Yediot Ahronot’s Nadav Eyal, a consistent champion of the hostage issue, writes “It wasn’t just the personal accounts and the sense shared by some of the families that the war cabinet still doesn’t fully understand just how dire the hostages’ situation is. It was also the conflict among them [the families], which almost came to blows over the demand for an immediate and huge deal; and over which hostages’ release should be prioritised, or what has come to be referred to as the ‘categories.’” Defending the government in the sense that no “all for all” deal for a hostage exchange has been suggested by Hamas Eyal nonetheless writes that “the problem is that Israel hasn’t been operating efficiently and effectively on the diplomatic and public plane to secure the hostages’ release. For example, the hostages are being subjected to torture. That is the legal definition of physical attacks, starvation, humiliation, withholding medicine, denying medical treatment, psychological warfare and all of the other horrors that Hamas has been perpetrating against our brothers and sisters in Gaza. That message—that the hostages are being tortured—which has been reinforced by first-person accounts by people who were freed from captivity, still hasn’t been properly delivered yet. It hasn’t been sufficiently stressed. Why is it important? It is important for enlisting international support and to try to force Hamas to prove otherwise.”
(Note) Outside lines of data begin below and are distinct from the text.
(* Let $\mathcal M_t$, $t\ge0$, be the moment generating function of the free Jacobi process with parameters $\lambda=1$, $\theta=1/2$ and initial spectral distribution $\delta_1$, i.e. the solution of $$\partial_t\mathcal M_t(z)=-\frac z2\,\partial_z\big\{(1-z)\mathcal M_t(z)^2\big\},\qquad \mathcal M_0(z)=\frac1{1-z},$$ and let $\mathcal S_t^{(1,1/2)}$ be its $S$ transform (so $\mathcal S_0^{(1,1/2)}\equiv1$). For $t\ge0$ define, near $u=1$, $\xi_{2t}(u)=\frac{u-1}{u+1}e^{ut}$ and, near $z=0$ (with the principal branch of the square root), $$\kappa_t(z)=\frac{(1+\sqrt{1+z})\,\xi_{2t}(\sqrt{1+z})+(\sqrt{1+z}-1)}{1-\xi_{2t}(\sqrt{1+z})}.$$ Then $\kappa_t(0)=0$, $\kappa_t$ is locally invertible around $0$, and locally around $z=0$ $$\mathcal S_t^{(1,1/2)}(z)=\frac{z^2+2z-\kappa_t^{-1}(z)}{z(1+z)}=\mathcal S_\infty^{(1,1/2)}(z)-\frac{\kappa_t^{-1}(z)}{z(1+z)},\qquad \mathcal S_\infty^{(1,1/2)}(z)=\frac{z+2}{z+1}.$$
   Context: The $S$ transform of a moment generating function $\mathcal M$ with nonzero first moment is $\mathcal S(z)=\frac{1+z}{z}\eta(z)$, where $\eta$ is the local inverse near $0$ of $\mathcal M-1$. The function $\xi_{2t}$ is the inverse, in a neighbourhood of $1$, of the Herglotz transform of the spectral distribution of the free unitary Brownian motion at time $2t$. *)

theory Defs
  imports "HOL-Analysis.Analysis"
begin

text \<open>xi_{2t}(u) = (u-1)/(u+1) e^{ut}, the inverse near 1 of the Herglotz transform
  of the free unitary Brownian motion at time 2t.\<close>
definition xi2 :: "real \<Rightarrow> complex \<Rightarrow> complex" where
  "xi2 t u = (u - 1) / (u + 1) * exp (u * complex_of_real t)"

definition kappa :: "real \<Rightarrow> complex \<Rightarrow> complex" where
  "kappa t z = ((1 + csqrt (1 + z)) * xi2 t (csqrt (1 + z)) + (csqrt (1 + z) - 1))
               / (1 - xi2 t (csqrt (1 + z)))"

definition local_inverse_at0 :: "(complex \<Rightarrow> complex) \<Rightarrow> (complex \<Rightarrow> complex) \<Rightarrow> bool" where
  "local_inverse_at0 f g \<longleftrightarrow>
     (\<exists>U V. open U \<and> open V \<and> 0 \<in> U \<and> 0 \<in> V \<and> f ` U = V \<and>
            (\<forall>z\<in>U. g (f z) = z) \<and> (\<forall>w\<in>V. g w \<in> U \<and> f (g w) = w))"

text \<open>S transform built from a local inverse eta of (M - 1): S(z) = (1+z)/z * eta(z).\<close>
definition S_transform :: "(complex \<Rightarrow> complex) \<Rightarrow> complex \<Rightarrow> complex" where
  "S_transform eta z = (1 + z) / z * eta z"

end

theory Submission
  imports Defs "HOL-Complex_Analysis.Complex_Analysis"
begin

(* Write U t z = sqrt(1 - z) M_t(z).  Its square is 1 + ((1 - z) M_t(z)^2 - 1), so near z = 0 it is the
   square root occurring in kappa_t at the point (1 - z) M_t(z)^2 - 1, and the equation for M_t becomes the
   Burgers-type equation  d_t U = - z sqrt(1 - z) U d_z U.  From this, the defect
   (U - 1) e^(U t) - xi_init(z) (U + 1), where xi_init(z) = (1 - sqrt(1 - z)) / (1 + sqrt(1 - z)) is the
   value of xi_{2t}(U) at t = 0, solves the linear transport equation
   d_t D = U D - z sqrt(1 - z) U d_z D  with zero initial data.  For such an equation the n-th Taylor
   coefficient of D at 0 solves a linear ODE once the lower ones vanish, so all of them vanish and
   D = 0.  Hence xi_{2t}(U t z) = xi_init(z), which solved for M_t gives
   M_t(z) - 1 = kappa_t((1 - z) M_t(z)^2 - 1) near 0.  Evaluating at z = eta(w), where eta inverts
   M_t - 1, gives kappa_t^{-1}(w) = (1 - eta(w)) (1 + w)^2 - 1, and the formula for the S transform
   is a rearrangement of this. *)

section \<open>Cauchy integrals depending on a parameter\<close>

lemma norm_circlepath_0 [simp]: "0 \<le> r \<Longrightarrow> norm (circlepath 0 r x) = r"
  by (simp add: circlepath norm_mult)

lemma continuous_on_circlepath_0 [continuous_intros]:
  "continuous_on S f \<Longrightarrow> continuous_on S (\<lambda>x. circlepath 0 r (f x))"
  unfolding circlepath by (intro continuous_intros)

lemma higher_deriv_eq_integral_circlepath:
  fixes f :: "complex \<Rightarrow> complex"
  assumes hol: "f holomorphic_on ball 0 R" and r: "0 < r" "r < R" and w: "norm w < r"
  shows "(deriv ^^ k) f w = fact k * integral {0..1}
           (\<lambda>x. f (circlepath 0 r x) / (circlepath 0 r x - w) ^ Suc k * circlepath 0 r x)"
proof -
  have "continuous_on (cball 0 r) f"
    using holomorphic_on_imp_continuous_on [OF hol] by (rule continuous_on_subset) (use r in auto)
  moreover have "f holomorphic_on ball 0 r"
    by (rule holomorphic_on_subset [OF hol]) (use r in auto)
  ultimately have "((\<lambda>u. f u / (u - w) ^ Suc k) has_contour_integral
                     (2 * pi * \<i>) / fact k * (deriv ^^ k) f w) (circlepath 0 r)"
    using w by (intro Cauchy_has_contour_integral_higher_derivative_circlepath) auto
  then have "(2 * pi * \<i>) / fact k * (deriv ^^ k) f w
               = contour_integral (circlepath 0 r) (\<lambda>u. f u / (u - w) ^ Suc k)"
    by (rule contour_integral_unique [symmetric])
  also have "\<dots> = (2 * pi * \<i>) * integral {0..1}
           (\<lambda>x. f (circlepath 0 r x) / (circlepath 0 r x - w) ^ Suc k * circlepath 0 r x)"
    unfolding contour_integral_integral vector_derivative_circlepath
    by (subst integral_mult_right [symmetric]) (simp add: circlepath algebra_simps)
  finally show ?thesis by (simp add: field_simps)
qed

lemma continuous_on_snd_compose:
  "continuous_on S f \<Longrightarrow> continuous_on (T \<times> S) (\<lambda>(s, z). f z)"
  unfolding case_prod_beta by (erule continuous_on_compose2) (auto intro: continuous_intros)

lemma continuous_on_deriv_param:
  fixes F :: "'a::topological_space \<Rightarrow> complex \<Rightarrow> complex"
  assumes hol: "\<And>s. s \<in> T \<Longrightarrow> F s holomorphic_on ball 0 R"
    and cont: "continuous_on (T \<times> ball 0 R) (\<lambda>(s, z). F s z)"
    and r: "0 < r" "r < R"
  shows "continuous_on (T \<times> ball 0 r) (\<lambda>(s, z). deriv (F s) z)"
proof -
  define \<rho> where "\<rho> = (r + R) / 2"
  have \<rho>: "0 < \<rho>" "r < \<rho>" "\<rho> < R" using r by (auto simp: \<rho>_def)
  let ?\<gamma> = "circlepath 0 \<rho>"
  let ?integrand = "\<lambda>p x. F (fst p) (?\<gamma> x) / (?\<gamma> x - snd p) ^ 2 * ?\<gamma> x"
  have "continuous_on ((T \<times> ball 0 r) \<times> cbox 0 1)
          (\<lambda>q. (\<lambda>(s, z). F s z) (fst (fst q), ?\<gamma> (snd q)))"
    by (rule continuous_on_compose2 [OF cont]) (use \<rho> in \<open>auto intro!: continuous_intros\<close>)
  moreover have "?\<gamma> x \<noteq> z" if "z \<in> ball 0 r" for x z
    using that \<rho> norm_circlepath_0 [of \<rho> x] by auto
  ultimately have "continuous_on ((T \<times> ball 0 r) \<times> cbox 0 1) (\<lambda>(p, x). ?integrand p x)"
    unfolding case_prod_beta by (intro continuous_intros) auto
  then have "continuous_on (T \<times> ball 0 r) (\<lambda>p. integral (cbox 0 1) (?integrand p))"
    by (rule integral_continuous_on_param)
  moreover have Cauchy: "deriv (F s) z = integral (cbox 0 1) (?integrand (s, z))"
    if "s \<in> T" "z \<in> ball 0 r" for s z
    using higher_deriv_eq_integral_circlepath [OF hol [OF that(1)] \<rho>(1,3), of z 1] that \<rho>
    by (simp add: numeral_2_eq_2)
  ultimately show ?thesis
    by (auto intro: continuous_on_eq simp: Cauchy)
qed

lemma has_vector_derivative_higher_deriv_0_param:
  fixes P A :: "real \<Rightarrow> complex \<Rightarrow> complex"
  assumes holP: "\<And>s. s \<in> T \<Longrightarrow> P s holomorphic_on ball 0 R"
    and holA: "\<And>s. s \<in> T \<Longrightarrow> A s holomorphic_on ball 0 R"
    and der: "\<And>s z. s \<in> T \<Longrightarrow> z \<in> ball 0 R \<Longrightarrow>
                ((\<lambda>r. P r z) has_vector_derivative A s z) (at s within T)"
    and contA: "continuous_on (T \<times> ball 0 r) (\<lambda>(s, z). A s z)"
    and r: "0 < r" "r \<le> R" and T: "convex T" "s \<in> T"
  shows "((\<lambda>s. (deriv ^^ n) (P s) 0) has_vector_derivative (deriv ^^ n) (A s) 0) (at s within T)"
proof -
  let ?\<gamma> = "circlepath 0 (r / 2)"
  define f where "f = (\<lambda>s x. P s (?\<gamma> x) / ?\<gamma> x ^ Suc n * ?\<gamma> x)"
  define fA where "fA = (\<lambda>s x. A s (?\<gamma> x) / ?\<gamma> x ^ Suc n * ?\<gamma> x)"
  have \<gamma>_norm: "norm (?\<gamma> x) = r / 2" for x
    using r by simp
  have \<gamma>_in: "?\<gamma> x \<in> ball 0 r" "?\<gamma> x \<in> ball 0 R" for x
    using \<gamma>_norm [of x] r by simp_all
  have \<gamma>_nz: "?\<gamma> x \<noteq> 0" for x
    using r by (simp add: circlepath)
  have Cauchy_P: "(deriv ^^ n) (P s) 0 = fact n * integral (cbox 0 1) (f s)" if "s \<in> T" for s
    unfolding f_def cbox_interval
    using higher_deriv_eq_integral_circlepath [OF holP [OF that], of "r / 2" 0 n] r by simp
  have Cauchy_A: "(deriv ^^ n) (A s) 0 = fact n * integral (cbox 0 1) (fA s)"
    unfolding fA_def cbox_interval
    using higher_deriv_eq_integral_circlepath [OF holA [OF T(2)], of "r / 2" 0 n] r by simp
  have "((\<lambda>s. integral (cbox 0 1) (f s)) has_vector_derivative integral (cbox 0 1) (fA s))
          (at s within T)"
  proof (rule leibniz_rule_vector_derivative [OF _ _ _ T(2,1)])
    fix s x assume "s \<in> T"
    then show "((\<lambda>s. f s x) has_vector_derivative fA s x) (at s within T)"
      unfolding f_def fA_def using der \<gamma>_in by (intro derivative_intros) auto
  next
    fix s assume "s \<in> T"
    then have "continuous_on (ball 0 R) (P s)"
      by (intro holomorphic_on_imp_continuous_on holP)
    then have "continuous_on (cbox 0 1) (\<lambda>x. P s (?\<gamma> x))"
      by (rule continuous_on_compose2) (use \<gamma>_in in \<open>auto intro!: continuous_intros\<close>)
    then show "f s integrable_on cbox 0 1"
      unfolding f_def using \<gamma>_nz by (intro integrable_continuous continuous_intros) auto
  next
    have "continuous_on (T \<times> cbox 0 1) (\<lambda>q. (\<lambda>(s, z). A s z) (fst q, ?\<gamma> (snd q)))"
      by (rule continuous_on_compose2 [OF contA]) (use \<gamma>_in in \<open>auto intro!: continuous_intros\<close>)
    then show "continuous_on (T \<times> cbox 0 1) (\<lambda>(s, x). fA s x)"
      unfolding fA_def case_prod_beta using \<gamma>_nz by (intro continuous_intros) auto
  qed
  then have "((\<lambda>s. fact n * integral (cbox 0 1) (f s)) has_vector_derivative
               fact n * integral (cbox 0 1) (fA s)) (at s within T)"
    by (rule has_vector_derivative_mult_right)
  then show ?thesis
    unfolding Cauchy_A by (rule has_vector_derivative_transform [rotated 2]) (use T Cauchy_P in auto)
qed

section \<open>Uniqueness for a linear transport equation\<close>

lemma higher_deriv_mult_id_0:
  fixes G :: "complex \<Rightarrow> complex"
  assumes "G holomorphic_on S" "open S" "0 \<in> S"
  shows "(deriv ^^ n) (\<lambda>z. z * G z) 0 = of_nat n * (deriv ^^ (n - 1)) G 0"
proof -
  have "(deriv ^^ n) (\<lambda>z. z * G z) 0 =
          (\<Sum>i = 0..n. of_nat (n choose i) * (deriv ^^ i) (\<lambda>z. z) 0 * (deriv ^^ (n - i)) G 0)"
    using assms by (intro higher_deriv_mult) (auto intro: holomorphic_intros)
  also have "\<dots> = (\<Sum>i = 0..n. if i = 1 then of_nat n * (deriv ^^ (n - 1)) G 0 else 0)"
    by (rule sum.cong) auto
  also have "\<dots> = of_nat n * (deriv ^^ (n - 1)) G 0"
    by (subst sum.delta) auto
  finally show ?thesis .
qed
Ynet details yesterday’s 15-rocket barrage from Gaza on central Israel. The attacks came only two days after the Home Front Command lifted restrictions on the Gush Dan area, with schools returning to normal. A 40-year-old man was slightly injured in Tel Aviv, where shrapnel caused damage to a city school classroom, a main street in the city, and also in the Tel Baruch beach area. Multiple rockets were launched towards the southern city of Ashkelon, where two women in their 60s were slightly injured by shrapnel.

Haaretz reports the Biden Administration’s decision to impose US visa bans on Israeli settlers who have engaged in violence against West Bank Palestinians. It is, says the paper, “the most punitive measure undertaken by the US toward Israel in decades.” US Secretary of State Anthony Blinken said “We have underscored to the Israeli government the need to do more to hold accountable extremist settlers who have committed violent attacks against Palestinians in the West Bank. As President Biden has repeatedly said, those attacks are unacceptable.”